"""

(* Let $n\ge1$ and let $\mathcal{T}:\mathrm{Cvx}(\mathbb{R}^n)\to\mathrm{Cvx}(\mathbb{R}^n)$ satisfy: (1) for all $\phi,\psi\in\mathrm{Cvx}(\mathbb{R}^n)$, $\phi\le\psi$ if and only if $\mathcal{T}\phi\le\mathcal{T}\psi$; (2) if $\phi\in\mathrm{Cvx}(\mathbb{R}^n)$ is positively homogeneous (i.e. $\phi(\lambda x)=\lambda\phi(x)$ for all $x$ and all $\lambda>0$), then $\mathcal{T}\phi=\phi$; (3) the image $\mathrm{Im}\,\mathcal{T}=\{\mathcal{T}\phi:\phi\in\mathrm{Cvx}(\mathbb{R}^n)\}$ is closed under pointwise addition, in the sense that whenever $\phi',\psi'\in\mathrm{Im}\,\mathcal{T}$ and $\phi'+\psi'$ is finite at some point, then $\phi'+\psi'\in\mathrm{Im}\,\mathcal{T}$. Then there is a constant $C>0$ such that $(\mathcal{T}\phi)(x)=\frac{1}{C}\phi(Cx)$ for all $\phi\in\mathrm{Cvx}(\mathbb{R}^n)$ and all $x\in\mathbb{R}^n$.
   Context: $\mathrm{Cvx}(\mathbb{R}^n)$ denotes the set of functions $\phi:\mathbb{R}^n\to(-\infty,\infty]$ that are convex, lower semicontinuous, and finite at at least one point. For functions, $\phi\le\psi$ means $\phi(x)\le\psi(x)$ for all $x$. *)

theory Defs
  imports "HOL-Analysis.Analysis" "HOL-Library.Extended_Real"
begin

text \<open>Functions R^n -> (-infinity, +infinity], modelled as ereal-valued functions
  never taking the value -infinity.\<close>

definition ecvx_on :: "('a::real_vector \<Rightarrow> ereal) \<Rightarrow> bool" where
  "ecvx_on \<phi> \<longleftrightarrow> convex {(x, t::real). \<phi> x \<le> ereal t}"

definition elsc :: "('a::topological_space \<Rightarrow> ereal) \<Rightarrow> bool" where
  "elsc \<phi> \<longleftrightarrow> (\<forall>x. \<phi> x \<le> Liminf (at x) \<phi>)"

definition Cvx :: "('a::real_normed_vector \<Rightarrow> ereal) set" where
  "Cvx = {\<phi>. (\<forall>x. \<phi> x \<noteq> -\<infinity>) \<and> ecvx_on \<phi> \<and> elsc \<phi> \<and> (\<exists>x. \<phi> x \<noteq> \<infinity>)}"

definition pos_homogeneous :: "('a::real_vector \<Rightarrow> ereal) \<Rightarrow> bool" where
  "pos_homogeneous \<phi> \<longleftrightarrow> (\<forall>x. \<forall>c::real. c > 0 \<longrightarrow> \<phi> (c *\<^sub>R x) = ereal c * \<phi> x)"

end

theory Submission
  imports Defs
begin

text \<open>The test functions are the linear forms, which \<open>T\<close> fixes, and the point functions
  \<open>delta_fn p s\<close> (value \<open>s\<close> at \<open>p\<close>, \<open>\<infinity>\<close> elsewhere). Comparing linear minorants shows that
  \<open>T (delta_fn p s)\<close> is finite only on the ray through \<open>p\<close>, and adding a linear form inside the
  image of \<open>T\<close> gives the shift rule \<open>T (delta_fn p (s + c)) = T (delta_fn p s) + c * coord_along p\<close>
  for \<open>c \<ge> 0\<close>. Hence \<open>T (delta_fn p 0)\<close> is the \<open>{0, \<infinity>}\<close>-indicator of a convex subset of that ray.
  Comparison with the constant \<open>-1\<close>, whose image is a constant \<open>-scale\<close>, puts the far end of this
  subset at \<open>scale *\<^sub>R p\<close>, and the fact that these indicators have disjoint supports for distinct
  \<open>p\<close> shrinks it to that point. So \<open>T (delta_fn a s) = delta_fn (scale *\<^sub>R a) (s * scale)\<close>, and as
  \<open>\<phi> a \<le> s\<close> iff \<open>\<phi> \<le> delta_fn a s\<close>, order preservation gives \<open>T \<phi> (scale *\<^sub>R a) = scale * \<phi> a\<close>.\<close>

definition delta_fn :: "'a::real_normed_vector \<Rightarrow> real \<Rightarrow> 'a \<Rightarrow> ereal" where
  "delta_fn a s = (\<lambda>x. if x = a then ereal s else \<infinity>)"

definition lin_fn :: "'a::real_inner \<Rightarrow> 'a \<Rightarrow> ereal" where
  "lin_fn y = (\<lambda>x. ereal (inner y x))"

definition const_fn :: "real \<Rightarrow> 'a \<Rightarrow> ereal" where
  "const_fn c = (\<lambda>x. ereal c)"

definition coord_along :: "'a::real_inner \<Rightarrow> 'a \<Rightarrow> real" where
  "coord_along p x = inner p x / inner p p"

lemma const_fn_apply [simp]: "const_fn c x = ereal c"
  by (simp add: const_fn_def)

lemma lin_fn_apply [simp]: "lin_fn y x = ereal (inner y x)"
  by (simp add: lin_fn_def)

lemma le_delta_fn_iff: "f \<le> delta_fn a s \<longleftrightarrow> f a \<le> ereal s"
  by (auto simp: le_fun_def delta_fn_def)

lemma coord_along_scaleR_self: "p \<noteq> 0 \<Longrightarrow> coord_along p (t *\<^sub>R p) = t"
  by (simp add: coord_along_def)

"""

▶ [Instructions for the task] Your reply should be one number: how many lines in the entries above contain the word "definition".

▶ [Output below] 8